For each B+Tree on the class, the locator’s locator_add_or_remove_index extracts the key columns from the new record via heap_attrvalue_get_key, and calls btree_insert with the (key, OID) pair. The btree side traverses the tree under latch-coupling discipline: the descent fixes parent with S latch, fixes child, releases parent, all the way down — except on the write path where it escalates the leaf to an X latch. If the leaf is full and a split is needed, btree_insert_helper opens a log_sysop_start system-op bracket, calls btree_split_node (or btree_split_root for a height-growing split), promotes a separator key into the parent, and closes with log_sysop_end_logical_undo — so abort can re-merge by replaying logical undo rather than reverse-applying physical page movement. See cubrid-btree.md §“Splits — split point, key promotion, parent update”.

The leaf itself stores LEAF_REC (a fixed prefix of VPID ovfl + short key_len) followed by the key bytes followed by an OID list.
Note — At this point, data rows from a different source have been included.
lemma partial_sum_ratio_relative_errors:
  "\<bar>(\<Sum>k\<le>n. f (Suc k)) / (\<Sum>k\<le>Suc n. f k) / ((\<Sum>k. f (Suc k)) / suminf f) - 1\<bar> \<le> term_ratio f 0"
  "\<bar>(\<Sum>k\<le>n. f (Suc k)) / (\<Sum>k\<le>n. f k) / ((\<Sum>k. f (Suc k)) / suminf f) - 1\<bar> \<le> term_ratio f 0"
proof -
  have "0 < (\<Sum>k\<le>n. f (Suc k)) / (\<Sum>k\<le>Suc n. f k)"
    using pos by (intro divide_pos_pos sum_pos) auto
  note errors = relative_errors_le[OF this partial_sum_ratio_less partial_sum_ratio_greater
      partial_sum_ratio_gap]
  show "\<bar>(\<Sum>k\<le>n. f (Suc k)) / (\<Sum>k\<le>Suc n. f k) / ((\<Sum>k. f (Suc k)) / suminf f) - 1\<bar> \<le> term_ratio f 0"
    "\<bar>(\<Sum>k\<le>n. f (Suc k)) / (\<Sum>k\<le>n. f k) / ((\<Sum>k. f (Suc k)) / suminf f) - 1\<bar> \<le> term_ratio f 0"
    by (fact errors)+
qed

end

section \<open>A three-term recurrence forcing decreasing ratios\<close>

locale ratio_recurrence =
  fixes f :: "nat \<Rightarrow> real" and \<mu> x y :: real
  assumes pos: "\<And>k. f k > 0"
    and mu_pos: "\<mu> > 0" and x_nonneg: "x \<ge> 0" and y_pos: "y > 0"
    and recurrence: "\<And>k. y * f k = (\<mu> + real k + 1) * f (Suc k) + x * f (Suc (Suc k))"
begin

abbreviation \<rho> :: "nat \<Rightarrow> real" where "\<rho> \<equiv> term_ratio f"

lemma rho_pos: "\<rho> k > 0"
  using pos by (simp add: term_ratio_def)

lemma x_rho_nonneg: "0 \<le> x * \<rho> k"
  using x_nonneg rho_pos[of k] by simp

lemma rho_recurrence: "\<rho> k * (\<mu> + real k + 1 + x * \<rho> (Suc k)) = y"
proof -
  have "\<rho> k * (\<mu> + real k + 1 + x * \<rho> (Suc k))
      = ((\<mu> + real k + 1) * f (Suc k) + x * f (Suc (Suc k))) / f k"
    using pos[of k] pos[of "Suc k"] by (simp add: term_ratio_def field_simps)
  also have "\<dots> = y" using pos[of k] by (simp add: recurrence[of k, symmetric])
  finally show ?thesis .
qed

lemma rho_le: "\<rho> k * (\<mu> + real k + 1) \<le> y"
proof -
  have "\<rho> k * (\<mu> + real k + 1) \<le> \<rho> k * (\<mu> + real k + 1 + x * \<rho> (Suc k))"
    using rho_pos[of k] rho_pos[of "Suc k"] x_nonneg by (intro mult_left_mono) auto
  then show ?thesis using rho_recurrence by simp
qed

lemma rho_mult_rho_less: "x * \<rho> k * \<rho> (Suc k) < y"
proof -
  have "0 < \<rho> k * (\<mu> + real k + 1)" using rho_pos[of k] mu_pos by simp
  then show ?thesis using rho_recurrence[of k] by (simp add: algebra_simps)
qed

lemma x_rho_less_half:
  assumes "\<mu> + real k + 1 > 2 * x * y"
  shows "x * \<rho> k < 1/2"
proof -
  have "x * \<rho> k * (\<mu> + real k + 1) \<le> x * y"
    using rho_le[of k] x_nonneg by (simp add: mult.assoc mult_left_mono)
  also have "\<dots> < 1/2 * (\<mu> + real k + 1)" using assms by simp
  finally show ?thesis using mu_pos by (simp add: mult_less_cancel_right)
qed

lemma rho_diff_identity:
  "y * (\<rho> k - \<rho> (Suc k)) = \<rho> k * \<rho> (Suc k) * (1 - x * (\<rho> (Suc k) - \<rho> (Suc (Suc k))))"
proof -
  have "y * (\<rho> k - \<rho> (Suc k)) = \<rho> k * y - \<rho> (Suc k) * y" by (simp add: algebra_simps)
  also have "\<dots> = \<rho> k * (\<rho> (Suc k) * (\<mu> + real k + 2 + x * \<rho> (Suc (Suc k))))
      - \<rho> (Suc k) * (\<rho> k * (\<mu> + real k + 1 + x * \<rho> (Suc k)))"
    using rho_recurrence[of k] rho_recurrence[of "Suc k"] by (simp add: add_ac)
  also have "\<dots> = \<rho> k * \<rho> (Suc k) * (1 - x * (\<rho> (Suc k) - \<rho> (Suc (Suc k))))"
    by (simp add: algebra_simps)
  finally show ?thesis .
qed

text \<open>By \<open>rho_diff_identity\<close>, \<open>\<rho>\<close> decreases as soon as \<open>scaled_gap < 1\<close>. The bounds
  \<open>0 \<le> scaled_gap < 1\<close> propagate downwards through \<open>scaled_gap_recurrence\<close>, starting
  from indices so large that \<open>x \<rho> < 1/2\<close>.\<close>
definition scaled_gap :: "nat \<Rightarrow> real" where
  "scaled_gap k = x * (\<rho> k - \<rho> (Suc k))"

lemma scaled_gap_recurrence:
  "y * scaled_gap k = x * \<rho> k * \<rho> (Suc k) * (1 - scaled_gap (Suc k))"
  using arg_cong[OF rho_diff_identity[of k], of "(*) x"]
  by (simp add: scaled_gap_def algebra_simps)

lemma scaled_gap_step:
  assumes "0 \<le> scaled_gap (Suc k)" "scaled_gap (Suc k) < 1"
  shows "0 \<le> scaled_gap k \<and> scaled_gap k < 1"
proof -
  have b: "0 \<le> x * \<rho> k * \<rho> (Suc k)"
    using x_nonneg rho_pos by (intro mult_nonneg_nonneg) (auto intro: less_imp_le)
  have "0 \<le> y * scaled_gap k" "y * scaled_gap k \<le> x * \<rho> k * \<rho> (Suc k)"
    unfolding scaled_gap_recurrence using b assms by (auto simp: mult_left_le)
  moreover have "x * \<rho> k * \<rho> (Suc k) < y" by (rule rho_mult_rho_less)
  ultimately have "0 \<le> y * scaled_gap k" "y * scaled_gap k < y * 1" by linarith+
  then show ?thesis
    using y_pos by (simp add: zero_le_mult_iff mult_less_cancel_left_pos)
qed

lemma scaled_gap_far:
  assumes "real N \<ge> 2 * x * y"
  shows "0 \<le> scaled_gap N \<and> scaled_gap N < 1"
proof -
  have small: "0 \<le> x * \<rho> (Suc N)" "x * \<rho> (Suc N) < 1/2"
    "0 \<le> x * \<rho> (Suc (Suc N))" "x * \<rho> (Suc (Suc N)) < 1/2"
    using x_rho_less_half assms mu_pos x_rho_nonneg by auto
  then have gap: "\<bar>scaled_gap (Suc N)\<bar> < 1/2"
    unfolding scaled_gap_def right_diff_distrib abs_less_iff by linarith
  have "\<rho> N * 1 \<le> \<rho> N * (\<mu> + real N + 1)"
    using rho_pos[of N] mu_pos by (intro mult_left_mono) auto
  then have "\<rho> N \<le> y" using rho_le[of N] by simp
  then have "x * \<rho> (Suc N) * \<rho> N * (1 - scaled_gap (Suc N)) \<le> (1/2 * y) * (3/2)"
    using small gap rho_pos[of N] y_pos by (intro mult_mono) auto
  moreover have "0 \<le> x * \<rho> (Suc N) * \<rho> N * (1 - scaled_gap (Suc N))"
    by (rule mult_nonneg_nonneg[OF mult_nonneg_nonneg[OF small(1)]]) (use gap rho_pos[of N] in auto)
  moreover have "y * scaled_gap N = x * \<rho> (Suc N) * \<rho> N * (1 - scaled_gap (Suc N))"
    using scaled_gap_recurrence[of N] by (simp add: mult_ac)
  ultimately have "0 \<le> y * scaled_gap N" "y * scaled_gap N < y * 1"
    using y_pos by linarith+
  then show ?thesis
    using y_pos by (simp add: zero_le_mult_iff mult_less_cancel_left_pos)
qed

lemma scaled_gap_bounds: "0 \<le> scaled_gap k \<and> scaled_gap k < 1"
proof -
  obtain N where N: "real N \<ge> 2 * x * y" "k \<le> N"
    using real_arch_simple[of "2 * x * y"] by (metis nat_le_linear of_nat_le_iff order.trans)
  from N(2) show ?thesis
  proof (induction rule: inc_induct)
    case base
    show ?case using scaled_gap_far[OF N(1)] .
  next
    case (step n)
    then show ?case using scaled_gap_step by blast
  qed
qed

lemma rho_decreasing: "\<rho> (Suc k) < \<rho> k"
proof -
  have "0 < \<rho> k * \<rho> (Suc k) * (1 - scaled_gap (Suc k))"
    using rho_pos scaled_gap_bounds[of "Suc k"] by simp
  also have "\<dots> = y * (\<rho> k - \<rho> (Suc k))"
    using rho_diff_identity[of k] by (simp add: scaled_gap_def)
  finally show ?thesis using y_pos by (simp add: zero_less_mult_iff)
qed

lemma rho0_le: "\<rho> 0 \<le> y / (\<mu> + 1)"
  using rho_le[of 0] mu_pos by (simp add: field_simps)

lemma rho0_mult_x_rho1_le: "\<rho> 0 * (x * \<rho> 1) \<le> y"
  using rho_recurrence[of 0] mu_pos mult_pos_pos[OF rho_pos[of 0], of "\<mu> + 1"]
  by (simp add: algebra_simps)

lemma y_le_rho1_bound: "x > 0 \<Longrightarrow> y \<le> \<rho> 1 * (\<mu> + 2) + \<rho> 1 * (x * \<rho> 1)"
proof -
  assume "x > 0"
  then have "\<rho> 1 * (x * \<rho> 2) \<le> \<rho> 1 * (x * \<rho> 1)"
    using rho_pos[of 1] rho_decreasing[of 1] by (intro mult_left_mono) (auto simp: numeral_2_eq_2)
  then show ?thesis
    using rho_recurrence[of 1] by (simp add: numeral_2_eq_2 algebra_simps)
qed

lemma rho0_squared_le:
  assumes "x > 0"
  shows "\<rho> 0 ^ 2 \<le> 2 * y / x + 4 * (\<mu> + 2) ^ 2 / x ^ 2"
proof -
  let ?r0 = "\<rho> 0" and ?r1 = "\<rho> 1"
  have p: "?r0 > 0" "?r1 > 0" using rho_pos by auto
  note a = rho0_mult_x_rho1_le and b = y_le_rho1_bound[OF assms]
  show ?thesis
  proof (cases "x * ?r1 \<ge> \<mu> + 2")
    case True
    have "?r1 * (\<mu> + 2) \<le> ?r1 * (x * ?r1)" using True p by (intro mult_left_mono) auto
    then have "y / 2 \<le> x * ?r1 ^ 2" using b by (simp add: power2_eq_square mult_ac)
    then have "?r0 ^ 2 * x * (y / 2) \<le> ?r0 ^ 2 * x * (x * ?r1 ^ 2)"
      using p assms by (intro mult_left_mono) auto
    also have "\<dots> = (?r0 * (x * ?r1)) ^ 2" by (simp add: power2_eq_square)
    also have "\<dots> \<le> y ^ 2" using a p assms by (intro power_mono) auto
    finally have "?r0 ^ 2 \<le> 2 * y / x"
      using assms y_pos by (simp add: field_simps power2_eq_square)
    moreover have "0 \<le> 4 * (\<mu> + 2) ^ 2 / x ^ 2" by simp
    ultimately show ?thesis by linarith
  next
    case False
    then have "y \<le> 2 * (\<mu> + 2) * ?r1"
      using b p mult_left_mono[of "x * ?r1" "\<mu> + 2" ?r1] by (simp add: algebra_simps)
    then have "?r0 * x * y \<le> ?r0 * x * (2 * (\<mu> + 2) * ?r1)"
      using p assms by (intro mult_left_mono) auto
    also have "\<dots> = 2 * (\<mu> + 2) * (?r0 * (x * ?r1))" by (simp add: mult_ac)
    also have "\<dots> \<le> 2 * (\<mu> + 2) * y" using a mu_pos by (intro mult_left_mono) auto
    finally have "?r0 * x \<le> 2 * (\<mu> + 2)" using y_pos by simp
    then have "(?r0 * x) ^ 2 \<le> (2 * (\<mu> + 2)) ^ 2" using p assms by (intro power_mono) auto
    then have "?r0 ^ 2 * x ^ 2 \<le> 4 * (\<mu> + 2) ^ 2" by (simp only: power_mult_distrib) simp
    then have "?r0 ^ 2 \<le> 4 * (\<mu> + 2) ^ 2 / x ^ 2"
      using assms by (simp add: field_simps)
    moreover have "0 \<le> 2 * y / x" using assms y_pos by simp
    ultimately show ?thesis by linarith
  qed
qed

end

section \<open>The series of the modified Bessel function\<close>

lemma Gamma_plus1_pos: "z > 0 \<Longrightarrow> Gamma (z + 1) = z * Gamma (z::real)"
  by (rule Gamma_plus1) auto

definition bessel_coeff :: "real \<Rightarrow> nat \<Rightarrow> real" where
  "bessel_coeff s n = 1 / (fact n * Gamma (real n + s + 1))"

text \<open>The entire factor in \<open>I_s(2 sqrt w) = w^(s/2) bessel_series s w\<close>; working with it
  keeps fractional powers out of the recurrences and covers \<open>x = 0\<close> uniformly.\<close>
definition bessel_series :: "real \<Rightarrow> real \<Rightarrow> real" where
  "bessel_series s w = (\<Sum>n. bessel_coeff s n * w ^ n)"

lemma bessel_coeff_pos: "s > -1 \<Longrightarrow> bessel_coeff s n > 0"
  unfolding bessel_coeff_def by simp

lemma bessel_coeff_Suc:
  assumes "s > -1"
  shows "bessel_coeff s (Suc n) = bessel_coeff s n / ((real n + 1) * (real n + s + 1))"
  using Gamma_plus1_pos[of "real n + s + 1"] assms
  by (simp add: bessel_coeff_def add_ac)

lemma summable_bessel_series:
  assumes "s > -1"
  shows "summable (\<lambda>n. bessel_coeff s n * w ^ n)"
proof (rule summable_ratio_test[where c="1/2" and N="Suc (nat \<lceil>2 * \<bar>w\<bar>\<rceil>)"])
  fix n assume n: "n \<ge> Suc (nat \<lceil>2 * \<bar>w\<bar>\<rceil>)"
  have pos: "bessel_coeff s n > 0" using bessel_coeff_pos assms by auto
  have "2 * \<bar>w\<bar> \<le> real n * 1" using n by linarith
  also have "\<dots> \<le> (real n + 1) * (real n + s + 1)"
    using assms n by (intro mult_mono) auto
  moreover have "(real n + 1) * (real n + s + 1) > 0" using assms by simp
  ultimately have d: "\<bar>w\<bar> / ((real n + 1) * (real n + s + 1)) \<le> 1/2"
    by (simp add: divide_le_eq)
  have "norm (bessel_coeff s (Suc n) * w ^ Suc n)
      = norm (bessel_coeff s n * w ^ n) * (\<bar>w\<bar> / ((real n + 1) * (real n + s + 1)))"
    using pos assms by (simp add: bessel_coeff_Suc abs_mult power_abs)
  also have "\<dots> \<le> norm (bessel_coeff s n * w ^ n) * (1/2)"
    using d by (intro mult_left_mono) auto
  finally show "norm (bessel_coeff s (Suc n) * w ^ Suc n) \<le> 1/2 * norm (bessel_coeff s n * w ^ n)"
    by simp
qed simp

lemma diffs_bessel_coeff: "s > -1 \<Longrightarrow> diffs (bessel_coeff s) = bessel_coeff (s + 1)"
proof
  fix n
  have "Gamma (real (Suc n) + s + 1) = Gamma (real n + (s + 1) + 1)" by (simp add: add_ac)
  then show "diffs (bessel_coeff s) n = bessel_coeff (s + 1) n"
    by (simp add: diffs_def bessel_coeff_def del: of_nat_Suc)
qed

lemma bessel_coeff_pred: "s > 0 \<Longrightarrow> bessel_coeff (s - 1) n = (real n + s) * bessel_coeff s n"
  using Gamma_plus1_pos[of "real n + s"] by (simp add: bessel_coeff_def)

lemma bessel_series_has_derivative:
  assumes "s > -1"
  shows "(bessel_series s has_real_derivative bessel_series (s + 1) w) (at w)"
proof -
  have "((\<lambda>w. \<Sum>n. bessel_coeff s n * w ^ n) has_field_derivative
      (\<Sum>n. diffs (bessel_coeff s) n * w ^ n)) (at w)"
    by (rule termdiffs_strong_converges_everywhere) (use summable_bessel_series assms in auto)
  then show ?thesis unfolding bessel_series_def[abs_def] diffs_bessel_coeff[OF assms] .
qed

lemma isCont_bessel_series: "s > -1 \<Longrightarrow> isCont (bessel_series s) w"
  using bessel_series_has_derivative DERIV_isCont by blast

lemma bessel_series_pos:
  assumes "s > -1" "w \<ge> 0"
  shows "bessel_series s w > 0"
proof -
  have "0 \<le> bessel_coeff s n * w ^ n" for n
    using bessel_coeff_pos[OF assms(1)] assms(2) by (simp add: less_imp_le)
  moreover have "0 < bessel_coeff s 0 * w ^ 0" using bessel_coeff_pos[OF assms(1)] by simp
  ultimately show ?thesis
    unfolding bessel_series_def using suminf_pos_iff[OF summable_bessel_series[OF assms(1)]] by blast
qed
For non-unique keys the OID list grows inline up to a per-page threshold; spillover crosses into a per-key overflow chain allocated from BTID_INT::ovfidPAGE_BTREE-typed pages headed by a BTREE_OVERFLOW_HEADER whose slot 0 carries next_vpid and whose slot 1 carries the OIDs sorted by OID for binary search. New overflow pages are linked at the head (the new page’s next_vpid becomes the old first overflow page) so subsequent inserts don’t pay tail-walk cost. See cubrid-overflow-file.md §“Walk: B+Tree overflow OID list”.

Unique-key check happens at insert time, under the leaf’s X latch, dispatched via btree_find_oid_and_its_page with BTREE_OP_PURPOSE = INSERT. Because the OIDs in a leaf record’s suffix list are sorted by OID, a unique index has at most one OID per key — finding any OID for the key already there is the duplicate. The check is gated by the BTREE_NEED_UNIQUE_CHECK macro: it runs only on active transactions, never on recovery redo (recovery never inserts a duplicate because the original insert was already validated). See cubrid-btree.md §“Unique-key handling — OID-list and stats”.

After heap+index, locator_insert_force runs the constraint-orchestration helpers from the locator. Three are relevant for INSERT.

locator_add_or_remove_index (already invoked in step 5) is itself the unique-key check loop — btree_insert returns ER_BTREE_UNIQUE_FAILED if the key already exists in a unique B+Tree, and the locator propagates the error. locator_check_unique_btree_entries is the deeper integrity check used by CHECKDB and post-restore consistency, not on the hot insert path. locator_check_foreign_key walks the FK list on the class representation, extracts the referencing-column key from the new record, and probes the parent class’s PK B+Tree via btree_keyoid_checks; on miss the insert is rejected with ER_FK_INVALID. See cubrid-locator.md §“Constraint orchestration”.

The order is deliberate: heap insert first (to pin the OID), then indexes (to populate every key including the PK that other FKs might reference), then FK check (the parent might also be a row that this transaction is inserting earlier in the same batch). Within locator_check_foreign_key, the parent lookup is a regular btree fetch with the transaction’s own snapshot, so a parent inserted earlier in this transaction is visible by virtue of “my own writes are visible to me” — see cubrid-mvcc.md’s mvcc_satisfies_snapshot truth table for the MVCC_IS_REC_INSERTED_BY_ME arm.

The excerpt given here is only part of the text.